Study material:
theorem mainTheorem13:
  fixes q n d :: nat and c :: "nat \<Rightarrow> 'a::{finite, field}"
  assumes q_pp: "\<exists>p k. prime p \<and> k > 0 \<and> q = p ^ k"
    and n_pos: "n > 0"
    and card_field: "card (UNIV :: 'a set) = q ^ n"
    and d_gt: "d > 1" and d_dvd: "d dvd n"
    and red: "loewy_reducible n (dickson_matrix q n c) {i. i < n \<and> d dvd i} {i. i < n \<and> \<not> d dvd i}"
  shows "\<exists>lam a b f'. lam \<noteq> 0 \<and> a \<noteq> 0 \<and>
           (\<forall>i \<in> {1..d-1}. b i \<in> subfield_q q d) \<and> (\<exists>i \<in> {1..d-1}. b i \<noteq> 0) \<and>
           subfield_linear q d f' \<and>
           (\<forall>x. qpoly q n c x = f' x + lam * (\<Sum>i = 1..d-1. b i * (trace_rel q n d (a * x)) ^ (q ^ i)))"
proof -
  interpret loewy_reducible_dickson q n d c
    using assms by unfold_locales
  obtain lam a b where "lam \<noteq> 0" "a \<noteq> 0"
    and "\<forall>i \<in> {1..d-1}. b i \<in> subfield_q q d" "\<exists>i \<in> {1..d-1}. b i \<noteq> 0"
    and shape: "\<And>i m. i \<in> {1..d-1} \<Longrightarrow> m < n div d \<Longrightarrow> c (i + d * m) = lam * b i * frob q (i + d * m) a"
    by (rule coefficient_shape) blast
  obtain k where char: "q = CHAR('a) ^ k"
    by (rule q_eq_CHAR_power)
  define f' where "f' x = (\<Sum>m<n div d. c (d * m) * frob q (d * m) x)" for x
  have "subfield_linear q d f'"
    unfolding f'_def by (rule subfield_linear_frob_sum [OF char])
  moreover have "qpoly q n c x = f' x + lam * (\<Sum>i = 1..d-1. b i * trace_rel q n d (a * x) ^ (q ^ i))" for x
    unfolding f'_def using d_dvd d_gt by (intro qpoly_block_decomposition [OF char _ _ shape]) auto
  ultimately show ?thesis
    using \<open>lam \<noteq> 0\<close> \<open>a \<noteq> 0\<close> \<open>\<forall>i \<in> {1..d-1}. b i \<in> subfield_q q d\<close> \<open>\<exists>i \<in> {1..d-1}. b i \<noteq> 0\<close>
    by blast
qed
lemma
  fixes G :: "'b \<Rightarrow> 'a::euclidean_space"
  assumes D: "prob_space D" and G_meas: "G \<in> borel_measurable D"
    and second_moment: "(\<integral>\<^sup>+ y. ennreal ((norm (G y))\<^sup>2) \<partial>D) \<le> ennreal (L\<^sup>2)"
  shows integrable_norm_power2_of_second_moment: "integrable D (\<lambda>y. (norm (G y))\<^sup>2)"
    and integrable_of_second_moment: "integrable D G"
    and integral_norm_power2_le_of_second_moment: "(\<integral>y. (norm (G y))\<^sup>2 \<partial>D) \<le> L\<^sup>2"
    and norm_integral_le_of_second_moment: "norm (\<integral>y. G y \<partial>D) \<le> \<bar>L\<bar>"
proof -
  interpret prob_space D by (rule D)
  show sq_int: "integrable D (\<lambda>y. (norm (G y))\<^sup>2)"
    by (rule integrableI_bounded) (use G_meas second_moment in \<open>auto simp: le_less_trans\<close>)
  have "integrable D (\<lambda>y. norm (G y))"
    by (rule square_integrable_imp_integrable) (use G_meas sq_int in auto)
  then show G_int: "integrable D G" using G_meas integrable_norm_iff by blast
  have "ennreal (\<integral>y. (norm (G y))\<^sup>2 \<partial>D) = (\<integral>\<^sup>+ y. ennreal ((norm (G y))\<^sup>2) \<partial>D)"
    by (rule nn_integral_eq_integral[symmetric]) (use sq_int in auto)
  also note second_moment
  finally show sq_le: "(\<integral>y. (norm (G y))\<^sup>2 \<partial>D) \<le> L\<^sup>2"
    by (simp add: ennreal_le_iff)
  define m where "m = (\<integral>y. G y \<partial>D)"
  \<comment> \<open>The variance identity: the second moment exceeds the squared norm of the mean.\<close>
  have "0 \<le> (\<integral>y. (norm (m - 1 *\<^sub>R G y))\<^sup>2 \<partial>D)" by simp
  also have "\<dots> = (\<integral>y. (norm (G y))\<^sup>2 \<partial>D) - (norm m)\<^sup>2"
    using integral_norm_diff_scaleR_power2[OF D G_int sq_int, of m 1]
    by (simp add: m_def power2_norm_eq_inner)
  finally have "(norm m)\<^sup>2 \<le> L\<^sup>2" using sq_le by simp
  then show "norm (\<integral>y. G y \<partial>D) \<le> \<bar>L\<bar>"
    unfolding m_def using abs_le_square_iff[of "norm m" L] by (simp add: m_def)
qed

Goal of the exercise: Each line of the listing should be copied exactly, with none left out.

Task result:
theorem mainTheorem13:
  fixes q n d :: nat and c :: "nat \<Rightarrow> 'a::{finite, field}"
  assumes q_pp: "\<exists>p k. prime p \<and> k > 0 \<and> q = p ^ k"
    and n_pos: "n > 0"
    and card_field: "card (UNIV :: 'a set) = q ^ n"
    and d_gt: "d > 1" and d_dvd: "d dvd n"
    and red: "loewy_reducible n (dickson_matrix q n c) {i. i < n \<and> d dvd i} {i. i < n \<and> \<not> d dvd i}"
  shows "\<exists>lam a b f'. lam \<noteq> 0 \<and> a \<noteq> 0 \<and>
           (\<forall>i \<in> {1..d-1}. b i \<in> subfield_q q d) \<and> (\<exists>i \<in> {1..d-1}. b i \<noteq> 0) \<and>
           subfield_linear q d f' \<and>
           (\<forall>x. qpoly q n c x = f' x + lam * (\<Sum>i = 1..d-1. b i * (trace_rel q n d (a * x)) ^ (q ^ i)))"
proof -
  interpret loewy_reducible_dickson q n d c
    using assms by unfold_locales
  obtain lam a b where "lam \<noteq> 0" "a \<noteq> 0"
    and "\<forall>i \<in> {1..d-1}. b i \<in> subfield_q q d" "\<exists>i \<in> {1..d-1}. b i \<noteq> 0"
    and shape: "\<And>i m. i \<in> {1..d-1} \<Longrightarrow> m < n div d \<Longrightarrow> c (i + d * m) = lam * b i * frob q (i + d * m) a"
    by (rule coefficient_shape) blast
  obtain k where char: "q = CHAR('a) ^ k"
    by (rule q_eq_CHAR_power)
  define f' where "f' x = (\<Sum>m<n div d. c (d * m) * frob q (d * m) x)" for x
  have "subfield_linear q d f'"
    unfolding f'_def by (rule subfield_linear_frob_sum [OF char])
  moreover have "qpoly q n c x = f' x + lam * (\<Sum>i = 1..d-1. b i * trace_rel q n d (a * x) ^ (q ^ i))" for x
    unfolding f'_def using d_dvd d_gt by (intro qpoly_block_decomposition [OF char _ _ shape]) auto
  ultimately show ?thesis
    using \<open>lam \<noteq> 0\<close> \<open>a \<noteq> 0\<close> \<open>\<forall>i \<in> {1..d-1}. b i \<in> subfield_q q d\<close> \<open>\<exists>i \<in> {1..d-1}. b i \<noteq> 0\<close>
    by blast
qed
lemma
  fixes G :: "'b \<Rightarrow> 'a::euclidean_space"
  assumes D: "prob_space D" and G_meas: "G \<in> borel_measurable D"
    and second_moment: "(\<integral>\<^sup>+ y. ennreal ((norm (G y))\<^sup>2) \<partial>D) \<le> ennreal (L\<^sup>2)"
  shows integrable_norm_power2_of_second_moment: "integrable D (\<lambda>y. (norm (G y))\<^sup>2)"
    and integrable_of_second_moment: "integrable D G"
    and integral_norm_power2_le_of_second_moment: "(\<integral>y. (norm (G y))\<^sup>2 \<partial>D) \<le> L\<^sup>2"
    and norm_integral_le_of_second_moment: "norm (\<integral>y. G y \<partial>D) \<le> \<bar>L\<bar>"
proof -
  interpret prob_space D by (rule D)
  show sq_int: "integrable D (\<lambda>y. (norm (G y))\<^sup>2)"
    by (rule integrableI_bounded) (use G_meas second_moment in \<open>auto simp: le_less_trans\<close>)
  have "integrable D (\<lambda>y. norm (G y))"
    by (rule square_integrable_imp_integrable) (use G_meas sq_int in auto)
  then show G_int: "integrable D G" using G_meas integrable_norm_iff by blast
  have "ennreal (\<integral>y. (norm (G y))\<^sup>2 \<partial>D) = (\<integral>\<^sup>+ y. ennreal ((norm (G y))\<^sup>2) \<partial>D)"
    by (rule nn_integral_eq_integral[symmetric]) (use sq_int in auto)
  also note second_moment
  finally show sq_le: "(\<integral>y. (norm (G y))\<^sup>2 \<partial>D) \<le> L\<^sup>2"
    by (simp add: ennreal_le_iff)
  define m where "m = (\<integral>y. G y \<partial>D)"
  \<comment> \<open>The variance identity: the second moment exceeds the squared norm of the mean.\<close>
  have "0 \<le> (\<integral>y. (norm (m - 1 *\<^sub>R G y))\<^sup>2 \<partial>D)" by simp
  also have "\<dots> = (\<integral>y. (norm (G y))\<^sup>2 \<partial>D) - (norm m)\<^sup>2"
    using integral_norm_diff_scaleR_power2[OF D G_int sq_int, of m 1]
    by (simp add: m_def power2_norm_eq_inner)
  finally have "(norm m)\<^sup>2 \<le> L\<^sup>2" using sq_le by simp
  then show "norm (\<integral>y. G y \<partial>D) \<le> \<bar>L\<bar>"
    unfolding m_def using abs_le_square_iff[of "norm m" L] by (simp add: m_def)
qed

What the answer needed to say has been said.